Søren: She lives here, in our community.

Ruby: She lives here. She lives on a farm in far western Benton County, and she understands what’s going on. She wasn’t dropped in here right before the election.

Søren: That reminds me, leading up to the [Iowa] caucuses there was a point—obviously we knocked doors in a number of communities around here—when I was knocking doors in my precinct. And one of the things that the organizer had told me to say was “you should tell people that you’re the Kamala captain for this precinct and that you live down the street. This is your precinct.”

Ruby: Did you do it?

Søren: I did that. The number of times that someone’s eyes just kind of lit up and [they] said “oh wow, this is one of my neighbors” and not someone who’s been air dropped in from who knows where. That seemed to make a difference, at least in terms of being receptive to a message.

Ruby: I think it does. Look at all the work that the NAACP has done for 110-some years. They couldn’t have gotten any of that done without people knowing their community and their community members. I mean, the groundswell in the civil rights movement is what moved, eventually, the needle that white people controlled. Somebody has to start moving that needle like you did with your family. How many people do you think voted for me, that maybe wouldn’t have, that you’re related to? Was it more than your mom and stepdad?

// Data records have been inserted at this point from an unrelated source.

(* For every integer $N\ge16$, \[ h(N)\le \lfloor\sqrt{N}\rfloor+\big\lfloor\sqrt{\lfloor\sqrt{N}\rfloor}\big\rfloor+2. \]
   Context: A finite set $A\subseteq\mathbb{Z}$ is Sidon if $a+b=c+d$ with $a,b,c,d\in A$ implies $\{a,b\}=\{c,d\}$ as unordered pairs. For a natural number $N$, $h(N)=\max\{|A| : A\subseteq\{1,\dots,N\},\ A\text{ Sidon}\}$. *)

theory Defs
  imports Complex_Main
begin

definition sidon :: "int set \<Rightarrow> bool" where
  "sidon A \<longleftrightarrow> finite A \<and>
     (\<forall>a\<in>A. \<forall>b\<in>A. \<forall>c\<in>A. \<forall>d\<in>A. a + b = c + d \<longrightarrow> {a, b} = {c, d})"

definition h :: "nat \<Rightarrow> nat" where
  "h N = Max {card A | A. A \<subseteq> {1..int N} \<and> sidon A}"

end

theory Submission
  imports Defs "HOL-Analysis.Convex"
begin

text \<open>Slide a window of length \<open>u\<close> over \<open>{2 - u..N}\<close> and let \<open>a\<^sub>m\<close> count the elements of
  the Sidon set \<open>A\<close> in the \<open>m\<close>-th window. Then \<open>\<Sum> a\<^sub>m = |A| u\<close>, while \<open>\<Sum> a\<^sub>m\<^sup>2\<close> counts
  each pair \<open>(x, y) \<in> A\<^sup>2\<close> with weight \<open>max 0 (u - |x - y|)\<close>, the number of windows containing
  both. The differences \<open>x - y\<close> with \<open>x \<noteq> y\<close> of a Sidon set are pairwise distinct, so
  \<open>\<Sum> a\<^sub>m\<^sup>2 \<le> |A| u + u\<^sup>2 - u\<close>, and Cauchy-Schwarz over the \<open>N + u - 1\<close> windows gives
  \<open>|A|\<^sup>2 u \<le> (N + u - 1) (|A| + u - 1)\<close>. Taking \<open>u = s r\<close> with \<open>s = \<lfloor>\<surd>N\<rfloor>\<close> and
  \<open>r = \<lfloor>\<surd>s\<rfloor>\<close>, this quadratic inequality in \<open>|A|\<close> fails for \<open>|A| = s + r + 3\<close> and
  beyond.\<close>

lemma sidon_finite: "sidon A \<Longrightarrow> finite A"
  by (simp add: sidon_def)

lemma sidon_diff_inj_on:
  assumes "sidon A"
  shows "inj_on (\<lambda>(x, y). x - y) (SIGMA x:A. A - {x})"
proof (rule inj_onI)
  fix p q
  assume "p \<in> (SIGMA x:A. A - {x})" "q \<in> (SIGMA x:A. A - {x})"
    and eq: "(\<lambda>(x, y). x - y) p = (\<lambda>(x, y). x - y) q"
  then obtain x y x' y' where pq: "p = (x, y)" "q = (x', y')"
    and A: "x \<in> A" "y \<in> A" "x' \<in> A" "y' \<in> A" and "x \<noteq> y"
    by auto
  from eq have "x + y' = x' + y" by (simp add: pq)
  then have "{x, y'} = {x', y}"
    using assms A unfolding sidon_def by blast
  then show "p = q"
    using \<open>x \<noteq> y\<close> by (auto simp: doubleton_eq_iff pq)
qed

lemma sum_card_Int_eq:
  assumes "finite A" "finite M"
  shows "(\<Sum>m\<in>M. card (A \<inter> W m)) = (\<Sum>x\<in>A. card {m\<in>M. x \<in> W m})"
proof -
  have "(\<Sum>m\<in>M. card (A \<inter> W m)) = (\<Sum>m\<in>M. \<Sum>x\<in>A. of_bool (x \<in> W m))"
    using assms by (simp add: Int_def)
  also have "\<dots> = (\<Sum>x\<in>A. \<Sum>m\<in>M. of_bool (x \<in> W m))"
    by (rule sum.swap)
  also have "\<dots> = (\<Sum>x\<in>A. card {m\<in>M. x \<in> W m})"
    using assms by (simp add: Int_def)
  finally show ?thesis .
qed

lemma sum_card_Int_squared_eq:
  assumes "finite A" "finite M"
  shows "(\<Sum>m\<in>M. (card (A \<inter> W m))\<^sup>2) = (\<Sum>x\<in>A. \<Sum>y\<in>A. card {m\<in>M. x \<in> W m \<and> y \<in> W m})"
proof -
  have "card (A \<inter> W m) = (\<Sum>x\<in>A. of_bool (x \<in> W m))" for m
    using assms by (simp add: Int_def)
  then have "(\<Sum>m\<in>M. (card (A \<inter> W m))\<^sup>2)
      = (\<Sum>m\<in>M. \<Sum>x\<in>A. \<Sum>y\<in>A. of_bool (x \<in> W m \<and> y \<in> W m))"
    by (simp add: power2_eq_square sum_product flip: of_bool_conj)
  also have "\<dots> = (\<Sum>x\<in>A. \<Sum>y\<in>A. \<Sum>m\<in>M. of_bool (x \<in> W m \<and> y \<in> W m))"
    by (subst sum.swap) (simp add: sum.swap[of _ M])
  also have "\<dots> = (\<Sum>x\<in>A. \<Sum>y\<in>A. card {m\<in>M. x \<in> W m \<and> y \<in> W m})"
    using assms by (simp add: Int_def)
  finally show ?thesis .
qed

lemma card_windows_containing:
  fixes x y N :: int and u :: nat
  assumes "x \<in> {1..N}" "y \<in> {1..N}"
  shows "card {m \<in> {2 - int u..N}. x \<in> {m..m + int u - 1} \<and> y \<in> {m..m + int u - 1}}
    = u - nat \<bar>x - y\<bar>"
proof -
  have "{m \<in> {2 - int u..N}. x \<in> {m..m + int u - 1} \<and> y \<in> {m..m + int u - 1}}
      = {max x y - int u + 1..min x y}"
    using assms by auto
  then show ?thesis by simp
qed

lemma sum_tent_eq_square:
  "(\<Sum>d\<in>{-int n..int n}. n - nat \<bar>d\<bar>) = n\<^sup>2"
proof (induction n)
  case 0
  then show ?case by simp
next
  case (Suc n)
  have "{-int (Suc n)..int (Suc n)} = insert (-int (Suc n)) (insert (int (Suc n)) {-int n..int n})"
    by auto
  then have "(\<Sum>d\<in>{-int (Suc n)..int (Suc n)}. Suc n - nat \<bar>d\<bar>)
      = (\<Sum>d\<in>{-int n..int n}. (n - nat \<bar>d\<bar>) + 1)"
    by (simp add: Suc_diff_le nat_le_iff) (rule sum.cong; auto)
  also have "\<dots> = n\<^sup>2 + (2 * n + 1)"
    by (simp only: sum.distrib Suc.IH) simp
  finally show ?case by (simp add: power2_eq_square)
qed

lemma sidon_sum_tent_le:
  fixes u :: nat
  assumes "sidon A"
  shows "(\<Sum>x\<in>A. \<Sum>y\<in>A. u - nat \<bar>x - y\<bar>) \<le> card A * u + (u\<^sup>2 - u)"
proof -
  define f where "f d = u - nat \<bar>d\<bar>" for d :: int
  define P where "P = (SIGMA x:A. A - {x})"
  define D where "D = (\<lambda>(x, y). x - y) ` P"
  have fin: "finite A" using assms by (rule sidon_finite)
  have "(\<Sum>x\<in>A. \<Sum>y\<in>A. f (x - y)) = (\<Sum>x\<in>A. u + (\<Sum>y\<in>A - {x}. f (x - y)))"
    using fin by (intro sum.cong) (simp_all add: sum.remove f_def)
  also have "\<dots> = card A * u + (\<Sum>(x, y)\<in>P. f (x - y))"
    using fin by (simp add: sum.distrib sum.Sigma P_def)
  also have "(\<Sum>(x, y)\<in>P. f (x - y)) = (\<Sum>d\<in>D. f d)"
    using sum.reindex[OF sidon_diff_inj_on[OF assms], of f]
    by (simp add: D_def P_def case_prod_unfold comp_def)
  also have "\<dots> = (\<Sum>d\<in>D \<inter> {-int u..int u}. f d)"
    using fin by (intro sum.mono_neutral_right) (auto simp: D_def P_def f_def)
  also have "\<dots> \<le> (\<Sum>d\<in>{-int u..int u} - {0}. f d)"
    by (intro sum_mono2) (auto simp: D_def P_def)
  also have "\<dots> = u\<^sup>2 - u"
    using sum_tent_eq_square[of u] by (simp add: sum_diff1_nat f_def)
  finally show ?thesis by (simp add: f_def)
qed

lemma sidon_window_inequality:
  fixes A :: "int set" and N u :: nat
  assumes "sidon A" and "A \<subseteq> {1..int N}" and "u \<ge> 1"
  shows "(card A)\<^sup>2 * u \<le> (N + u - 1) * (card A + u - 1)"
proof -
  define M where "M = {2 - int u..int N}"
  define W where "W m = {m..m + int u - 1}" for m
  define a where "a m = card (A \<inter> W m)" for m
  define k where "k = card A"
  have fin: "finite A" using assms(1) by (rule sidon_finite)
  have windows: "card {m\<in>M. x \<in> W m \<and> y \<in> W m} = u - nat \<bar>x - y\<bar>" if "x \<in> A" "y \<in> A" for x y
    using card_windows_containing[of x "int N" y u] that assms(2) by (simp add: M_def W_def subset_iff)
  have sum_a: "(\<Sum>m\<in>M. a m) = k * u"
  proof -
    have "(\<Sum>m\<in>M. a m) = (\<Sum>x\<in>A. card {m\<in>M. x \<in> W m})"
      using sum_card_Int_eq[OF fin, of M W] by (simp add: a_def M_def)
    also have "\<dots> = (\<Sum>x\<in>A. u)"
      using windows[of x x for x] by simp
    finally show ?thesis by (simp add: k_def)
  qed
  have sum_a_squared: "(\<Sum>m\<in>M. (a m)\<^sup>2) \<le> u * (k + u - 1)"
  proof -
    have "(\<Sum>m\<in>M. (a m)\<^sup>2) = (\<Sum>x\<in>A. \<Sum>y\<in>A. u - nat \<bar>x - y\<bar>)"
      using sum_card_Int_squared_eq[OF fin, of M W] windows by (simp add: a_def M_def)
    also have "\<dots> \<le> k * u + (u\<^sup>2 - u)"
      using sidon_sum_tent_le[OF assms(1)] by (simp add: k_def)
    also have "\<dots> = u * (k + u - 1)"
      using assms(3) by (simp add: power2_eq_square algebra_simps diff_mult_distrib2)
    finally show ?thesis .
  qed
  have "real ((\<Sum>m\<in>M. a m)\<^sup>2) \<le> real ((\<Sum>m\<in>M. (a m)\<^sup>2) * card M)"
    using sum_squared_le_sum_of_squares[of "\<lambda>m. real (a m)" M] by simp
  then have "(\<Sum>m\<in>M. a m)\<^sup>2 \<le> (\<Sum>m\<in>M. (a m)\<^sup>2) * card M"
    by (simp only: of_nat_le_iff)
  have card_M: "card M = N + u - 1"
    unfolding M_def by simp
  have "u * (k\<^sup>2 * u) = (\<Sum>m\<in>M. a m)\<^sup>2"
    by (simp add: sum_a power2_eq_square)
  also have "\<dots> \<le> (\<Sum>m\<in>M. (a m)\<^sup>2) * card M" by fact
  also have "\<dots> \<le> u * (k + u - 1) * (N + u - 1)"
    unfolding card_M by (rule mult_right_mono[OF sum_a_squared]) simp
  finally have "u * (k\<^sup>2 * u) \<le> u * ((N + u - 1) * (k + u - 1))"
    by (simp add: ac_simps)
  then show ?thesis
    using assms(3) by (simp add: k_def)
qed

lemma quadratic_ineq_imp_less:
  fixes k k0 u C :: int
  assumes "k\<^sup>2 * u \<le> C * (k + u - 1)" and "C * (k0 + u - 1) < k0\<^sup>2 * u"
    and "C \<le> 2 * k0 * u" and "0 \<le> u"
  shows "k < k0"
proof (rule ccontr)
  assume "\<not> k < k0"
  then have "2 * k0 * u \<le> (k + k0) * u"
    using \<open>0 \<le> u\<close> by (intro mult_right_mono) auto
  with \<open>\<not> k < k0\<close> have "0 \<le> (k - k0) * ((k + k0) * u - C)"
    using assms(3) by (intro mult_nonneg_nonneg) auto
  moreover have "k\<^sup>2 * u - C * (k + u - 1)
      = k0\<^sup>2 * u - C * (k0 + u - 1) + (k - k0) * ((k + k0) * u - C)"
    by (simp add: power2_eq_square algebra_simps)
  ultimately show False
    using assms(1,2) by linarith
qed

lemma card_bound_from_window_inequality:
  fixes n s r k :: int
  assumes "2 \<le> r" and "r\<^sup>2 \<le> s" and "s \<le> r\<^sup>2 + 2 * r" and "n \<le> s\<^sup>2 + 2 * s"
    and "k\<^sup>2 * (s * r) \<le> (n + s * r - 1) * (k + s * r - 1)"
  shows "k \<le> s + r + 2"
proof -
  define u where "u = s * r"
  define k0 where "k0 = s + r + 3"
  define C where "C = s\<^sup>2 + 2 * s + s * r - 1"
  have "2 * r \<le> r\<^sup>2" using \<open>2 \<le> r\<close> by (simp add: power2_eq_square)
  have "4 * r \<le> r ^ 3"
  proof -
    have "2 * r * 2 \<le> r\<^sup>2 * r" using \<open>2 * r \<le> r\<^sup>2\<close> \<open>2 \<le> r\<close> by (intro mult_mono) auto
    then show ?thesis by (simp add: power2_eq_square power3_eq_cube)
  qed
  have "4 \<le> s" using assms(1,2) \<open>2 * r \<le> r\<^sup>2\<close> by linarith
  have "0 < r + 2 + s * s * (r\<^sup>2 + 2 * r - s) + s * (r ^ 3 + 5 * r\<^sup>2 + 6 * r - 3 - 4 * s)"
    using \<open>4 * r \<le> r ^ 3\<close> \<open>4 \<le> s\<close> assms(1,3)
    by (intro add_pos_nonneg add_nonneg_pos mult_nonneg_nonneg mult_pos_pos) auto
  also have "\<dots> = k0\<^sup>2 * u - C * (k0 + u - 1)"
    by (simp add: k0_def u_def C_def power2_eq_square power3_eq_cube algebra_simps)
  finally have C_below: "C * (k0 + u - 1) < k0\<^sup>2 * u" by simp
  have n_le: "n + u - 1 \<le> C"
    using assms(4) by (simp add: u_def C_def)
  have "k < k0"
  proof (rule quadratic_ineq_imp_less)
    show "k\<^sup>2 * u \<le> (n + u - 1) * (k + u - 1)"
      using assms(5) by (simp add: u_def)
    have "(n + u - 1) * (k0 + u - 1) \<le> C * (k0 + u - 1)"
      using n_le \<open>4 \<le> s\<close> \<open>2 \<le> r\<close> by (intro mult_right_mono) (auto simp: k0_def u_def)
    with C_below show "(n + u - 1) * (k0 + u - 1) < k0\<^sup>2 * u" by linarith
    have "C < s * k0"
      using \<open>4 \<le> s\<close> by (simp add: C_def k0_def power2_eq_square algebra_simps)
    also have "\<dots> \<le> u * k0"
      unfolding u_def using \<open>4 \<le> s\<close> \<open>2 \<le> r\<close> by (intro mult_right_mono) (auto simp: k0_def)
    finally have "C < u * k0" .
    moreover have "0 \<le> u * k0" and "2 * k0 * u = 2 * (u * k0)"
      using \<open>4 \<le> s\<close> \<open>2 \<le> r\<close> by (simp_all add: u_def k0_def)
    ultimately show "n + u - 1 \<le> 2 * k0 * u"
      using n_le by linarith
    show "0 \<le> u" using \<open>4 \<le> s\<close> \<open>2 \<le> r\<close> by (simp add: u_def)
  qed
  then show ?thesis by (simp add: k0_def)
qed

lemma le_floor_sqrt:
  fixes m :: int and x :: real
  assumes "0 \<le> m" and "m\<^sup>2 \<le> x"
  shows "m \<le> \<lfloor>sqrt x\<rfloor>"
  using assms by (simp add: le_floor_iff real_le_rsqrt)

lemma floor_sqrt_sandwich:
  fixes n :: int
  assumes "0 \<le> n"
  shows "\<lfloor>sqrt n\<rfloor>\<^sup>2 \<le> n" and "n < (\<lfloor>sqrt n\<rfloor> + 1)\<^sup>2"
proof -
  have "0 \<le> \<lfloor>sqrt n\<rfloor>" and sqrt_sq: "(sqrt n)\<^sup>2 = n"
    using assms by simp_all
  have "(real_of_int \<lfloor>sqrt n\<rfloor>)\<^sup>2 \<le> (sqrt n)\<^sup>2"
    using \<open>0 \<le> \<lfloor>sqrt n\<rfloor>\<close> by (intro power_mono) simp_all
  then show "\<lfloor>sqrt n\<rfloor>\<^sup>2 \<le> n"
    unfolding sqrt_sq by (simp only: of_int_power[symmetric] of_int_le_iff)
  have "(sqrt n)\<^sup>2 < (real_of_int (\<lfloor>sqrt n\<rfloor> + 1))\<^sup>2"
    using assms by (intro power_strict_mono) simp_all
  then show "n < (\<lfloor>sqrt n\<rfloor> + 1)\<^sup>2"
    unfolding sqrt_sq by (simp only: of_int_power[symmetric] of_int_less_iff)
qed

lemma h_attained: "\<exists>A. A \<subseteq> {1..int N} \<and> sidon A \<and> card A = h N"
proof -
  define S where "S = {card A | A. A \<subseteq> {1..int N} \<and> sidon A}"
  have "card A \<le> N" if "A \<subseteq> {1..int N}" for A :: "int set"
    using card_mono[OF _ that] by simp
  then have "S \<subseteq> {..N}"
    unfolding S_def by blast
  then have "finite S" by (rule finite_subset) simp
  moreover have "S \<noteq> {}"
    unfolding S_def using sidon_def by blast
  ultimately have "Max S \<in> S" by (rule Max_in)
  then show ?thesis by (auto simp: S_def h_def)
qed

lemma sidon_card_le_floor_sqrt:
  fixes N :: nat
  assumes "16 \<le> N" and "sidon A" and "A \<subseteq> {1..int N}"
  shows "int (card A) \<le> \<lfloor>sqrt N\<rfloor> + \<lfloor>sqrt \<lfloor>sqrt N\<rfloor>\<rfloor> + 2"
proof -
  define s where "s = \<lfloor>sqrt N\<rfloor>"
  define r where "r = \<lfloor>sqrt s\<rfloor>"
  define u where "u = nat (s * r)"
  have "4 \<le> s" unfolding s_def using assms(1) by (intro le_floor_sqrt) auto
  have "2 \<le> r" unfolding r_def using \<open>4 \<le> s\<close> by (intro le_floor_sqrt) auto
  have "int N < (s + 1)\<^sup>2"
    using floor_sqrt_sandwich(2)[of "int N"] by (simp add: s_def)
  have r_bounds: "r\<^sup>2 \<le> s" "s < (r + 1)\<^sup>2"
    using floor_sqrt_sandwich[of s] \<open>4 \<le> s\<close> by (simp_all add: r_def)
  have "4 * 2 \<le> s * r"
    using \<open>4 \<le> s\<close> \<open>2 \<le> r\<close> by (intro mult_mono) auto
  then have "int u = s * r" and "1 \<le> u"
    by (simp_all add: u_def)
  have "int ((card A)\<^sup>2 * u) \<le> int ((N + u - 1) * (card A + u - 1))"
    using sidon_window_inequality[OF assms(2,3) \<open>1 \<le> u\<close>] by (simp only: of_nat_le_iff)
  then have "(int (card A))\<^sup>2 * (s * r) \<le> (int N + s * r - 1) * (int (card A) + s * r - 1)"
    using \<open>int u = s * r\<close> \<open>1 \<le> u\<close> by (simp add: of_nat_diff)
  then have "int (card A) \<le> s + r + 2"
    using \<open>2 \<le> r\<close> r_bounds \<open>int N < (s + 1)\<^sup>2\<close>
    by (intro card_bound_from_window_inequality[of r s "int N"]) (auto simp: power2_eq_square algebra_simps)
  then show ?thesis by (simp add: s_def r_def)
qed

theorem mainTheorem9:
  fixes N :: nat
  assumes "N \<ge> 16"
  shows "int (h N) \<le> \<lfloor>sqrt (real N)\<rfloor> + \<lfloor>sqrt (real_of_int \<lfloor>sqrt (real N)\<rfloor>)\<rfloor> + 2"
proof -
  obtain A where "A \<subseteq> {1..int N}" and "sidon A" and "card A = h N"
    using h_attained by blast
  with sidon_card_le_floor_sqrt[OF assms] show ?thesis by metis
qed

end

Emily: I know at least four people that I directly talked to voted for you. One of them wasn’t going to vote at all because he didn’t want to vote for president, but I was like “okay, well you don’t have to. You should care about local candidates, because those are the ones who are going to affect you the most. Then I shared different resources to look at those, what the websites that have information on your candidates, because I personally struggled to find that information for a long time, especially like two years ago when it was just our locals and not obviously the presidential—which a lot of people don’t even know it’s time to vote, which is education, it’s just a whole different story. Yeah, but I know that that one, they did end up voting and did vote for you. Then I know I got my sister, my parents. I don’t know if my sister voted for a presidential, but—

Ruby: But you think if she voted, she checked our box?

Emily: Yeah, I think she told me she did.

Ruby: That’s awesome. Seriously, Emily, that’s amazing. I can’t thank you enough for that. It means so much. I’m not kidding. I see that picture of your mom and my shirt in my head any time I see those shirts now.

Søren: We’re not asking for 100 votes or 1000 votes—or 100 people or 1000 people. It’s four people at a time—or one at a time.

Ruby: I think even after an election where everybody that you vote for doesn’t win—or maybe your state like those of us who voted for Biden here, while our votes contributed to the popular vote count but didn’t contribute to getting him elected necessarily—I still think you own those votes. I think people really need to remember that for both reasons. If you voted for Kim Reynolds—she’s done a lot of bad stuff, and you’ve got to own that. Then next time, you can still be a Republican, but you’ve got to do better when you go into the ballot box. Then I think it’s also, if you voted for me, and we didn’t win, you still own that vote. You voted for somebody that was really going to invest in your community. Talk to people and make sure that the next time you try to find those same votes, even if it’s not Ruby [running]. Like you said, you need to listen to family members who are trying to talk to you. You don’t have to shove it down their throat—which it sounds like you didn’t, that you were trying. You were very strategic in what you were doing and just slowly sending them information and building that relationship.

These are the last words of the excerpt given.